What free software is there in the way of organizing lots of documents?

To be more precise, the ones I *need* to organize are the files on hard drives, though if I could include documents I have elsewhere (bookshelves and photocopy files) I wouldn't mind. They are text documents in a variety of file formats and languages, source code for current and obsolete systems, jpeg images, film clips, drawings, SVG files, files, object code, shared libraries, fragments of drafts of books, ragged software documentation, works in progress ...

Of course the files are already semi-organized in directories, but I haven't yet managed to find a suitable collection of directory names. Hierarchical classification isn't ideal -- there are files that fit in several categories, and there are a lot files that have to be in a particular location because of the way they are used (executables in a bin directory, for example) or the way they are updated or maintained. Taxonomists would advise setting up a controlled vocabulary of tags and attaching tags to the various files. I'd end up with a triples store or some other database describing files.

More down the page...

But how to identify the files being tagged? A file-system pathname isn't enough. Files get moved, and sometimes entire directory trees full of files get moved from one place to another for various pragmatic reasons. And a hashcode isn't enough. Files get edited, upgraded, recompiled, reformatted, converted from JIS code to UTF-8, and so forth. Images get cropped and colour-corrected. And under these changes they should keep their assigned classification tags.
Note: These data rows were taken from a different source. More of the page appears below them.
(* Let $\Gamma$ be a 3-colex with $v$ vertices, $f_{cc'}$ faces of color $cc'$ for each pair of distinct colors, and $\nu_c$ 3-cells of color $c$ for each color; let $f=\sum_{\{c,c'\}}f_{cc'}$ and $\nu=\sum_c\nu_c$. Let $c,c',d,d'$ be the four distinct colors. Then $\Gamma$ has $2v$ edges, and: (i) $\Gamma^*$ has $v$ 3-cells, $2v$ faces, $f$ edges and $\nu$ vertices; (ii) $\Gamma^{*\setminus c}$ has $\nu_c$ 3-cells, $v/2$ faces, $f_{dc'}+f_{c'd'}+f_{dd'}$ edges and $\nu_{c'}+\nu_d+\nu_{d'}$ vertices; (iii) $\Gamma^{*\setminus cc'}$ has $\nu_c+\nu_{c'}$ 3-cells, $f_{cc'}$ faces, $f_{dd'}$ edges and $\nu_d+\nu_{d'}$ vertices.
   Context: Colors are $\{r,b,g,y\}$. A 3-colex $\Gamma$ is a 3-dimensional cell complex without boundary in which every vertex is 4-valent and lies in exactly four 3-cells, and whose 3-cells are properly 4-colored: every face lies in exactly two 3-cells, which have different colors. A 3-cell of color $c$ is a $c$-cell; a face of $\Gamma$ lying between a $c$-cell and a $c'$-cell has color $cc'$. The dual complex $\Gamma^*$ has an $i$-cell for every $(3-i)$-cell of $\Gamma$, with incidences reversed; every 3-cell of $\Gamma^*$ is a tetrahedron. A vertex of $\Gamma^*$ is given the color of the corresponding 3-cell of $\Gamma$; an edge of $\Gamma^*$ with endpoint colors $x,y$ is an $xy$-edge (it corresponds to an $xy$-face of $\Gamma$). The minor complex $\Gamma^{*\setminus c}$ is obtained from $\Gamma^*$ by deleting all vertices of color $c$ together with all edges and faces incident to them, and merging, for each $c$-vertex, all tetrahedra containing it into a single 3-cell. For distinct $c,c'$ with remaining colors $d,d'$, the minor complex $\Gamma^{*\setminus cc'}$ has as vertices the $d$- and $d'$-vertices of $\Gamma^*$, as edges the $dd'$-edges of $\Gamma^*$, one face $f_e$ for each $cc'$-edge $e$ of $\Gamma^*$ (bounded by the $dd'$-edges of the tetrahedra containing $e$), and one 3-cell for each vertex of $\Gamma^*$ of color $c$ or $c'$ (bounded by the faces $f_e$ for the $cc'$-edges $e$ incident on that vertex). *)

theory Defs
  imports Complex_Main
begin

datatype color = Red | Blue | Green | Yellow

lemma UNIV_color: "(UNIV :: color set) = {Red, Blue, Green, Yellow}"
  using color.exhaust by auto

instance color :: finite
  by standard (simp add: UNIV_color)

text \<open>A cell complex is given by its sets of cells of each dimension
  (cells K i = set of i-cells) and its strict face relation
  (face_rel K x y: x is a proper face of y).\<close>

record 'a cplx =
  cells :: "nat \<Rightarrow> 'a set"
  face_rel :: "'a \<Rightarrow> 'a \<Rightarrow> bool"

definition cofaces :: "'a cplx \<Rightarrow> 'a \<Rightarrow> nat \<Rightarrow> 'a set" where
  "cofaces K x k = {y \<in> cells K k. face_rel K x y}"

definition ends :: "'a cplx \<Rightarrow> 'a \<Rightarrow> 'a set" where
  "ends K y = {x \<in> cells K 0. face_rel K x y}"

text \<open>A finite 3-dimensional (regular) cell complex without boundary, in the
  combinatorial sense of its face poset: graded by dimension 0..3, every edge
  has two endpoints, diamond property, pure (every cell lies in a 3-cell) and
  every positive-dimensional cell has vertices.\<close>
definition cell_complex3 :: "'a cplx \<Rightarrow> bool" where
  "cell_complex3 K \<longleftrightarrow>
     (\<forall>i. finite (cells K i)) \<and>
     (\<forall>i>3. cells K i = {}) \<and>
     (\<forall>i j. i \<noteq> j \<longrightarrow> cells K i \<inter> cells K j = {}) \<and>
     (\<forall>x y. face_rel K x y \<longrightarrow> (\<exists>i j. i < j \<and> x \<in> cells K i \<and> y \<in> cells K j)) \<and>
     (\<forall>x y z. face_rel K x y \<longrightarrow> face_rel K y z \<longrightarrow> face_rel K x z) \<and>
     (\<forall>e\<in>cells K 1. card (ends K e) = 2) \<and>
     (\<forall>i x z. x \<in> cells K i \<and> z \<in> cells K (i + 2) \<and> face_rel K x z \<longrightarrow>
        card {y \<in> cells K (i + 1). face_rel K x y \<and> face_rel K y z} = 2) \<and>
     (\<forall>i<3. \<forall>x\<in>cells K i. cofaces K x 3 \<noteq> {}) \<and>
     (\<forall>i>0. \<forall>x\<in>cells K i. ends K x \<noteq> {})"

text \<open>The last conjunct is the
  (manifold) local structure at a vertex: the cells around a vertex form the
  dual of a tetrahedron, i.e. every 3-cell of the dual complex is a tetrahedron
  (edges at x correspond to 3-subsets, faces at x to 2-subsets of the four
  3-cells at x, compatibly with incidence).\<close>
definition colex :: "'a cplx \<Rightarrow> ('a \<Rightarrow> color) \<Rightarrow> bool" where
  "colex K col \<longleftrightarrow> cell_complex3 K \<and>
     (\<forall>x\<in>cells K 0. card (cofaces K x 1) = 4) \<and>
     (\<forall>x\<in>cells K 0. card (cofaces K x 3) = 4) \<and>
     (\<forall>f\<in>cells K 2. card (cofaces K f 3) = 2 \<and>
        (\<forall>z\<in>cofaces K f 3. \<forall>z'\<in>cofaces K f 3. z \<noteq> z' \<longrightarrow> col z \<noteq> col z')) \<and>
     (\<forall>x\<in>cells K 0.
        bij_betw (\<lambda>y. cofaces K y 3) (cofaces K x 1) {A. A \<subseteq> cofaces K x 3 \<and> card A = 3} \<and>
        bij_betw (\<lambda>y. cofaces K y 3) (cofaces K x 2) {A. A \<subseteq> cofaces K x 3 \<and> card A = 2} \<and>
        (\<forall>y\<in>cofaces K x 1. \<forall>w\<in>cofaces K x 2.
            face_rel K y w \<longleftrightarrow> cofaces K w 3 \<subseteq> cofaces K y 3))"

definition face_color :: "'a cplx \<Rightarrow> ('a \<Rightarrow> color) \<Rightarrow> 'a \<Rightarrow> color set" where
  "face_color K col f = col ` cofaces K f 3"

definition nfaces :: "'a cplx \<Rightarrow> ('a \<Rightarrow> color) \<Rightarrow> color set \<Rightarrow> nat" where
  "nfaces K col P = card {f \<in> cells K 2. face_color K col f = P}"

definition ncells :: "'a cplx \<Rightarrow> ('a \<Rightarrow> color) \<Rightarrow> color \<Rightarrow> nat" where
  "ncells K col c = card {z \<in> cells K 3. col z = c}"

text \<open>Dual: i-cells are the (3-i)-cells, incidence reversed.  Vertices of the
  dual carry the color of the corresponding 3-cell (same coloring function).\<close>
definition dual :: "'a cplx \<Rightarrow> 'a cplx" where
  "dual K = \<lparr>cells = (\<lambda>i. if i \<le> 3 then cells K (3 - i) else {}),
             face_rel = (\<lambda>x y. face_rel K y x)\<rparr>"

text \<open>Minor \<Gamma>*\c of a dual complex D: delete c-vertices and all cells incident
  to them; for each c-vertex z, the tetrahedra containing it are merged into one
  3-cell, represented by z itself.\<close>
definition minor1 :: "'a cplx \<Rightarrow> ('a \<Rightarrow> color) \<Rightarrow> color \<Rightarrow> 'a cplx" where
  "minor1 D col c =
    (let keep = (\<lambda>y. \<forall>x\<in>cells D 0. face_rel D x y \<longrightarrow> col x \<noteq> c);
         V = {x \<in> cells D 0. col x \<noteq> c};
         E = {y \<in> cells D 1. keep y};
         F = {y \<in> cells D 2. keep y};
         T = {x \<in> cells D 0. col x = c};
         L = V \<union> E \<union> F
     in \<lparr>cells = (\<lambda>i. if i = 0 then V else if i = 1 then E else if i = 2 then F
                      else if i = 3 then T else {}),
         face_rel = (\<lambda>y z. (y \<in> L \<and> z \<in> L \<and> face_rel D y z) \<or>
                           (y \<in> L \<and> z \<in> T \<and>
                              (\<exists>t\<in>cells D 3. face_rel D z t \<and> face_rel D y t)))\<rparr>)"

text \<open>Minor \<Gamma>*\cc' of a dual complex D: vertices = d- and d'-vertices, edges =
  dd'-edges, one face f_e per cc'-edge e (represented by e), one 3-cell per
  vertex of color c or c' (represented by that vertex); incidences as described
  (transitive closure of the covering relations).\<close>
definition minor2 :: "'a cplx \<Rightarrow> ('a \<Rightarrow> color) \<Rightarrow> color \<Rightarrow> color \<Rightarrow> 'a cplx" where
  "minor2 D col c c' =
    (let V = {x \<in> cells D 0. col x \<notin> {c, c'}};
         E = {e \<in> cells D 1. col ` ends D e = - {c, c'}};
         F = {e \<in> cells D 1. col ` ends D e = {c, c'}};
         T = {x \<in> cells D 0. col x \<in> {c, c'}};
         R = {(y, z). y \<in> V \<and> z \<in> E \<and> face_rel D y z} \<union>
             {(g, e). g \<in> E \<and> e \<in> F \<and> (\<exists>t\<in>cells D 3. face_rel D g t \<and> face_rel D e t)} \<union>
             {(e, x). e \<in> F \<and> x \<in> T \<and> face_rel D x e}
     in \<lparr>cells = (\<lambda>i. if i = 0 then V else if i = 1 then E else if i = 2 then F
                      else if i = 3 then T else {}),
         face_rel = (\<lambda>y z. (y, z) \<in> R\<^sup>+)\<rparr>)"

end

theory Submission imports Defs begin

text \<open>Every count is a double count or a partition of cells by colors.  Vertices are
  4-valent and edges have two ends, so there are \<open>2v\<close> edges.  At a vertex the four
  3-cells carry four distinct colors and the edges there correspond to the 3-subsets of
  these cells, so exactly one edge at each vertex avoids a given color \<open>c\<close>, namely the
  one opposite the \<open>c\<close>-cell.  Counted from both ends, there are \<open>v/2\<close> such edges,
  and they are the faces of the minor obtained by deleting \<open>c\<close>.\<close>

lemma double_counting:
  assumes "finite A" "finite B"
    and "\<And>a. a \<in> A \<Longrightarrow> card {b \<in> B. R a b} = m"
    and "\<And>b. b \<in> B \<Longrightarrow> card {a \<in> A. R a b} = n"
  shows "m * card A = n * card B"
proof -
  have "(\<Sum>a\<in>A. card {b \<in> B. R a b}) = n * card B"
    using assms by (intro sum_multicount) auto
  moreover have "(\<Sum>a\<in>A. card {b \<in> B. R a b}) = m * card A"
    using assms(3) by simp
  ultimately show ?thesis by simp
qed

lemma card_filter_eq_sum_card_fibres:
  assumes "finite S" "finite Q"
  shows "card {x \<in> S. g x \<in> Q} = (\<Sum>q\<in>Q. card {x \<in> S. g x = q})"
proof -
  have "card {x \<in> S. g x \<in> Q} = (\<Sum>q\<in>Q. card {x \<in> {x \<in> S. g x \<in> Q}. g x = q})"
    unfolding card_eq_sum by (rule sum.group[symmetric]) (use assms in auto)
  also have "\<dots> = (\<Sum>q\<in>Q. card {x \<in> S. g x = q})"
    by (rule sum.cong) (auto intro: arg_cong[where f = card])
  finally show ?thesis .
qed

lemma card_UNIV_color: "card (UNIV :: color set) = (4 :: nat)"
  by (simp add: UNIV_color)

lemma UNIV_color_eq_distinct:
  assumes "distinct [c, c', d, d']"
  shows "(UNIV :: color set) = {c, c', d, d'}"
proof -
  have "card {c, c', d, d'} = card (UNIV :: color set)"
    using assms by (simp add: card_UNIV_color)
  then show ?thesis
    by (metis card_subset_eq finite subset_UNIV)
qed

lemma Compl_colors_distinct:
  fixes c c' d d' :: color
  assumes "distinct [c, c', d, d']"
  shows "- {c} = {c', d, d'}" and "- {c, c'} = {d, d'}"
  using UNIV_color_eq_distinct[OF assms] assms by auto

lemma card_2_color_set_avoiding_iff:
  assumes "distinct [c, c', d, d']" "card (P :: color set) = 2"
  shows "c \<notin> P \<longleftrightarrow> P \<in> {{d, c'}, {c', d'}, {d, d'}}"
proof
  assume "c \<notin> P"
  obtain a b where P: "P = {a, b}" "a \<noteq> b"
    using assms(2) unfolding card_2_iff by blast
  have "P \<subseteq> {c', d, d'}"
    using \<open>c \<notin> P\<close> Compl_colors_distinct(1)[OF assms(1)] by blast
  then have "a \<in> {c', d, d'}" "b \<in> {c', d, d'}"
    using P(1) by auto
  then show "P \<in> {{d, c'}, {c', d'}, {d, d'}}"
    using P by (auto simp: doubleton_eq_iff)
qed (use assms(1) in auto)

lemma colex_finite_cells: "colex K col \<Longrightarrow> finite (cells K i)"
  by (simp add: colex_def cell_complex3_def)

lemma colex_card_ends: "colex K col \<Longrightarrow> e \<in> cells K 1 \<Longrightarrow> card (ends K e) = 2"
  by (simp add: colex_def cell_complex3_def)

lemma colex_inj_on_col_cofaces:
  assumes "colex K col" "x \<in> cells K 0"
  shows "inj_on col (cofaces K x 3)"
proof (rule inj_onI, rule ccontr)
  fix z z' assume z: "z \<in> cofaces K x 3" "z' \<in> cofaces K x 3" "col z = col z'" "z \<noteq> z'"
  have "bij_betw (\<lambda>y. cofaces K y 3) (cofaces K x 2) {A. A \<subseteq> cofaces K x 3 \<and> card A = 2}"
    using assms by (simp add: colex_def)
  moreover have "{z, z'} \<in> {A. A \<subseteq> cofaces K x 3 \<and> card A = 2}"
    using z by auto
  ultimately obtain w where w: "w \<in> cofaces K x 2" "cofaces K w 3 = {z, z'}"
    by (metis (no_types, lifting) bij_betw_imp_surj_on imageE)
  have "w \<in> cells K 2"
    using w(1) by (simp add: cofaces_def)
  then have "col z \<noteq> col z'"
    using assms(1) w(2) z(4) by (simp add: colex_def)
  then show False
    using z(3) by simp
qed

lemma colex_col_cofaces_vertex:
  assumes "colex K col" "x \<in> cells K 0"
  shows "col ` cofaces K x 3 = UNIV"
proof -
  have "card (col ` cofaces K x 3) = card (UNIV :: color set)"
    using assms colex_inj_on_col_cofaces[OF assms]
    by (simp add: card_image colex_def card_UNIV_color)
  then show ?thesis
    by (metis card_subset_eq finite subset_UNIV)
qed

lemma colex_card_face_color:
  assumes "colex K col" "y \<in> cells K 2"
  shows "card (face_color K col y) = 2"
proof -
  have "card (cofaces K y 3) = 2 \<and>
      (\<forall>z\<in>cofaces K y 3. \<forall>z'\<in>cofaces K y 3. z \<noteq> z' \<longrightarrow> col z \<noteq> col z')"
    using assms by (simp add: colex_def)
  then have "card (cofaces K y 3) = 2" "inj_on col (cofaces K y 3)"
    unfolding inj_on_def by blast+
  then show ?thesis
    by (simp add: face_color_def card_image)
qed
text \<open>With \<open>p = P\<close>, \<open>q = P\<^sup>\<dagger>\<close> this relates \<open>P\<^sup>\<dagger>P\<close> and \<open>Q\<^sup>\<dagger>Q\<close>.\<close>

lemma (in ring) idempotent_intertwine:
  assumes p: "p \<in> carrier R" and q: "q \<in> carrier R" and pp: "p \<otimes> p = p" and qq: "q \<otimes> q = q"
  shows "(\<one> \<ominus> q) \<otimes> (\<one> \<ominus> p) \<otimes> ((\<one> \<ominus> q) \<otimes> p) = ((\<one> \<ominus> q) \<otimes> p) \<otimes> (q \<otimes> p)"
    and "q \<otimes> (\<one> \<ominus> p) \<otimes> ((\<one> \<ominus> q) \<otimes> p) = (q \<otimes> p) \<otimes> (q \<otimes> p) \<ominus> q \<otimes> p"
proof -
  have pp': "\<And>x. x \<in> carrier R \<Longrightarrow> p \<otimes> (p \<otimes> x) = p \<otimes> x" using pp p by (simp add: m_assoc[symmetric])
  have qq': "\<And>x. x \<in> carrier R \<Longrightarrow> q \<otimes> (q \<otimes> x) = q \<otimes> x" using qq q by (simp add: m_assoc[symmetric])
  show "(\<one> \<ominus> q) \<otimes> (\<one> \<ominus> p) \<otimes> ((\<one> \<ominus> q) \<otimes> p) = ((\<one> \<ominus> q) \<otimes> p) \<otimes> (q \<otimes> p)"
    and "q \<otimes> (\<one> \<ominus> p) \<otimes> ((\<one> \<ominus> q) \<otimes> p) = (q \<otimes> p) \<otimes> (q \<otimes> p) \<ominus> q \<otimes> p"
    using p q pp qq pp' qq'
    by (simp_all add: a_minus_def r_distr l_distr m_assoc r_minus l_minus minus_add minus_minus
        r_neg1 r_neg2 a_ac)
qed

lemma (in ring) idempotent_complement:
  assumes p: "p \<in> carrier R" and pp: "p \<otimes> p = p"
  shows "(\<one> \<ominus> p) \<otimes> (\<one> \<ominus> p) = \<one> \<ominus> p"
  using p pp by (simp add: a_minus_def r_distr l_distr m_assoc r_minus l_minus minus_add minus_minus
      r_neg1 r_neg2 a_ac)

lemma ring_mat_minus:
  fixes A B :: "'a::comm_ring_1 mat"
  assumes A: "A \<in> carrier_mat n n" and B: "B \<in> carrier_mat n n"
  shows "A \<ominus>\<^bsub>ring_mat TYPE('a) n b\<^esub> B = A - B"
proof -
  interpret R: ring "ring_mat TYPE('a) n b" by (rule ring_mat)
  have "\<ominus>\<^bsub>ring_mat TYPE('a) n b\<^esub> B = - B"
    by (rule R.minus_equality) (use B in \<open>auto simp: ring_mat_simps\<close>)
  thus ?thesis unfolding a_minus_def using A B by (simp add: ring_mat_simps minus_add_uminus_mat)
qed

lemma idempotent_intertwine_mat:
  fixes P P' :: "'a::comm_ring_1 mat"
  assumes P: "P \<in> carrier_mat n n" and P': "P' \<in> carrier_mat n n"
    and PP: "P * P = P" and PP': "P' * P' = P'"
  shows "(1\<^sub>m n - P') * (1\<^sub>m n - P) * ((1\<^sub>m n - P') * P) = ((1\<^sub>m n - P') * P) * (P' * P)"
    and "(P' * (1\<^sub>m n - P)) * ((1\<^sub>m n - P') * P) = (P' * P) * (P' * P) - P' * P"
proof -
  let ?R = "ring_mat TYPE('a) n ()"
  interpret R: ring ?R by (rule ring_mat)
  have c: "P \<in> carrier ?R" "P' \<in> carrier ?R" using P P' by (auto simp: ring_mat_simps)
  have idem: "P \<otimes>\<^bsub>?R\<^esub> P = P" "P' \<otimes>\<^bsub>?R\<^esub> P' = P'" using PP PP' by (auto simp: ring_mat_simps)
  have minus: "\<And>X Y. X \<in> carrier_mat n n \<Longrightarrow> Y \<in> carrier_mat n n \<Longrightarrow> X \<ominus>\<^bsub>?R\<^esub> Y = X - Y"
    by (rule ring_mat_minus)
  show "(1\<^sub>m n - P') * (1\<^sub>m n - P) * ((1\<^sub>m n - P') * P) = ((1\<^sub>m n - P') * P) * (P' * P)"
    using R.idempotent_intertwine(1)[OF c idem] P P' by (simp add: ring_mat_simps minus)
  show "(P' * (1\<^sub>m n - P)) * ((1\<^sub>m n - P') * P) = (P' * P) * (P' * P) - P' * P"
    using R.idempotent_intertwine(2)[OF c idem] P P' minus[of "P' * P * (P' * P)" "P' * P"]
    by (simp add: ring_mat_simps minus)
qed

lemma idempotent_complement_mat:
  fixes P :: "'a::comm_ring_1 mat"
  assumes P: "P \<in> carrier_mat n n" and PP: "P * P = P"
  shows "(1\<^sub>m n - P) * (1\<^sub>m n - P) = 1\<^sub>m n - P"
proof -
  let ?R = "ring_mat TYPE('a) n ()"
  interpret R: ring ?R by (rule ring_mat)
  have "P \<in> carrier ?R" and "P \<otimes>\<^bsub>?R\<^esub> P = P" using P PP by (auto simp: ring_mat_simps)
  from R.idempotent_complement[OF this] show ?thesis
    using P by (simp add: ring_mat_simps ring_mat_minus)
qed

text \<open>For an idempotent \<open>P\<close> with complement \<open>Q = 1 - P\<close>: \<open>dim ker P + dim ker Q = n\<close>, because
  the multiplicities of \<open>0\<close> and \<open>1\<close> of \<open>P\<close> are these two dimensions and add up to \<open>n\<close>.\<close>

lemma idempotent_kernel_dims:
  fixes P :: "complex mat"
  assumes P: "P \<in> carrier_mat n n" and PP: "P * P = P"
  shows "kernel_dim P + kernel_dim (1\<^sub>m n - P) = n"
proof -
  let ?Q = "1\<^sub>m n - P" and ?C = "char_matrix P 1"
  have Q: "?Q \<in> carrier_mat n n" and C: "?C \<in> carrier_mat n n" using P by auto
  have PPv: "P *\<^sub>v (P *\<^sub>v v) = P *\<^sub>v v" if "v \<in> carrier_vec n" for v
    using assoc_mult_mat_vec[OF P P that] PP by simp
  note Cv = char_matrix_one_mult_vec[OF P]
  have "eig_mult P 0 = kernel_dim (char_matrix P 0)"
    by (rule eig_mult_semisimple[OF P], unfold char_matrix_zero[OF P]) (simp add: PPv)
  hence "eig_mult P 0 = kernel_dim P" unfolding char_matrix_zero[OF P] .
  moreover have "eig_mult P 1 = kernel_dim ?C"
  proof (rule eig_mult_semisimple[OF P])
    fix v :: "complex vec" assume v: "v \<in> carrier_vec n" and CCv: "?C *\<^sub>v (?C *\<^sub>v v) = 0\<^sub>v n"
    have "?Q *\<^sub>v v = ?Q *\<^sub>v (?Q *\<^sub>v v)"
      using assoc_mult_mat_vec[OF Q Q v] idempotent_complement_mat[OF P PP] by simp
    also have "\<dots> = ?C *\<^sub>v (?C *\<^sub>v v)"
      using Cv v Q by (simp add: mult_mat_uminus_vec)
    finally have "?Q *\<^sub>v v = 0\<^sub>v n" unfolding CCv .
    thus "?C *\<^sub>v v = 0\<^sub>v n" using Cv[OF v] by simp
  qed
  moreover have "kernel_dim ?C = kernel_dim ?Q"
  proof (rule kernel_dim_cong[OF C Q])
    have "?C *\<^sub>v v = 0\<^sub>v n \<longleftrightarrow> ?Q *\<^sub>v v = 0\<^sub>v n" if v: "v \<in> carrier_vec n" for v
    proof -
      have "?Q *\<^sub>v v \<in> carrier_vec n" using Q v by simp
      thus ?thesis unfolding Cv[OF v] by (rule uminus_zero_vec_eq)
    qed
    thus "mat_kernel ?C = mat_kernel ?Q" unfolding mat_kernel[OF C] mat_kernel[OF Q] by blast
  qed
  moreover have "(\<Sum>a\<in>{0,1}. eig_mult P a) = n"
    by (rule eig_mult_sum_supported[OF P]) (use eig_mult_idempotent[OF P PP] in auto)
  ultimately show ?thesis by simp
qed

text \<open>The roles of \<open>P\<close> and \<open>Q\<close> are symmetric, which gives
  the inequality both ways.\<close>

lemma gram_idempotent_eig_mult_agree:
  fixes P :: "complex mat"
  assumes P: "P \<in> carrier_mat n n" and PP: "P * P = P" and e0: "e \<noteq> 0" and e1: "e \<noteq> 1"
  shows "eig_mult (mat_adjoint P * P) e = eig_mult (mat_adjoint (1\<^sub>m n - P) * (1\<^sub>m n - P)) e"
proof -
  have le: "eig_mult (mat_adjoint P * P) e \<le> eig_mult (mat_adjoint (1\<^sub>m n - P) * (1\<^sub>m n - P)) e"
    if P: "P \<in> carrier_mat n n" and PP: "P * P = P" for P :: "complex mat"
  proof -
    let ?P' = "mat_adjoint P" and ?Q = "1\<^sub>m n - P"
    have P': "?P' \<in> carrier_mat n n" using P by simp
    have PP': "?P' * ?P' = ?P'" using mat_adjoint_mult[OF P P] PP by simp
    have Q': "mat_adjoint ?Q = 1\<^sub>m n - ?P'"
      using mat_adjoint_minus[OF one_carrier_mat P] by (simp add: mat_adjoint_one)
    have A: "?P' * P \<in> carrier_mat n n" and B: "mat_adjoint ?Q * ?Q \<in> carrier_mat n n"
      using P by auto
    note ids = idempotent_intertwine_mat[OF P P' PP PP', folded Q']
    have "dim_gen_eigenspace (?P' * P) e n \<le> dim_gen_eigenspace (mat_adjoint ?Q * ?Q) e n"
      by (rule dim_gen_eigenspace_le_intertwine[OF A B _ _ ids e0 e1]) (use P in auto)
    thus ?thesis
      unfolding eig_mult_dim_gen_eigenspace[OF A order.refl] eig_mult_dim_gen_eigenspace[OF B order.refl] .
  qed
  have Q: "1\<^sub>m n - P \<in> carrier_mat n n" by (rule minus_carrier_mat[OF P])
  have "1\<^sub>m n - (1\<^sub>m n - P) = P" by (rule eq_matI) (use P in auto)
  thus ?thesis using le[OF P PP] le[OF Q idempotent_complement_mat[OF P PP]] by simp
qed

lemma gram_idempotent_eig_mult:
  fixes P :: "complex mat"
  assumes P: "P \<in> carrier_mat n n" and PP: "P * P = P"
  defines "A \<equiv> mat_adjoint P * P" and "B \<equiv> mat_adjoint (1\<^sub>m n - P) * (1\<^sub>m n - P)"
  shows "eig_mult B 0 + eig_mult A 0 = n"
    and "eig_mult B 0 + eig_mult B 1 = eig_mult A 0 + eig_mult A 1"
proof -
  have Q: "1\<^sub>m n - P \<in> carrier_mat n n" by (rule minus_carrier_mat[OF P])
  show "eig_mult B 0 + eig_mult A 0 = n"
    unfolding A_def B_def eig_mult_gram_zero[OF P] eig_mult_gram_zero[OF Q]
    using idempotent_kernel_dims[OF P PP] by simp
  have "(\<Sum>a\<in>{0,1}. eig_mult A a) = (\<Sum>a\<in>{0,1}. eig_mult B a)"
    unfolding A_def B_def
    by (rule eig_mult_sum_agree) (use P gram_idempotent_eig_mult_agree[OF P PP] in auto)
  thus "eig_mult B 0 + eig_mult B 1 = eig_mult A 0 + eig_mult A 1" by simp
qed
Now a number of file formats can accommodate metadata. And some software that manipulates files can preserve metadata and even allow user editing of the metadata. But more doesn't.

Much of it could perhaps be done by automatic content analysis. Other material may require labour-intensive manual classification. Now I don't expect to see any off-the-shelf solution for all of this, but does anyone have ideas as to how to accomplish even some of this? Even poorly? Does anyone know of relevant practical tools? Or have ideas towards tools that *should* exist but currently don't? I'm ready to experiment.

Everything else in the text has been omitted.